REQUIRED ACTION: Search the records for lines with the word "longleftrightarrow" and copy each match.

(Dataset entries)
theorem mainTheorem4:
  fixes V :: "'a set" and E :: "'a \<Rightarrow> 'a \<Rightarrow> bool" and \<sigma> :: "('a set \<times> 'a set) set"
  assumes "graph V E"
    and "k_connected 3 V E"
    and "\<forall>s\<in>\<sigma>. is_sep V E (fst s) (snd s) \<and> sep_order s = 3"
    and "is_star \<sigma>"
    and "card (bag V \<sigma>) = 4"
  shows "((\<exists>\<tau>. is_tangle V E 4 \<tau> \<and> \<sigma> \<subseteq> \<tau>) \<longleftrightarrow> cubic V E (bag V \<sigma>)) \<and>
         (cubic V E (bag V \<sigma>) \<longleftrightarrow>
            cubic V E (bag V \<sigma>) \<and>
            (\<forall>U f. std_cube_minor V E (bag V \<sigma>) U f \<longrightarrow>
               \<sigma> \<subseteq> lift V E U f 4 (THE \<tau>. is_tangle cube_V cube_E 4 \<tau>)))"
proof -
  interpret star_of_3_separations V E \<sigma>
    using assms(1,3,4) by unfold_locales
  have "(\<exists>\<tau>. is_tangle V E 4 \<tau> \<and> \<sigma> \<subseteq> \<tau>) \<Longrightarrow> cubic V E X"
    using tangle_bag_cubic[OF assms(2,5)] by blast
  moreover have "cubic V E X \<Longrightarrow> \<exists>\<tau>. is_tangle V E 4 \<tau> \<and> \<sigma> \<subseteq> \<tau>"
    by (rule cubic_bag_tangle)
  moreover have "\<sigma> \<subseteq> lift V E U f 4 (THE \<tau>. is_tangle cube_V cube_E 4 \<tau>)"
    if "std_cube_minor V E X U f" for U f
    unfolding The_cube_tangle using sigma_subset_lift[OF that] .
  ultimately show ?thesis by blast
qed

end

ANSWER SECTION:
  shows "((\<exists>\<tau>. is_tangle V E 4 \<tau> \<and> \<sigma> \<subseteq> \<tau>) \<longleftrightarrow> cubic V E (bag V \<sigma>)) \<and>
         (cubic V E (bag V \<sigma>) \<longleftrightarrow>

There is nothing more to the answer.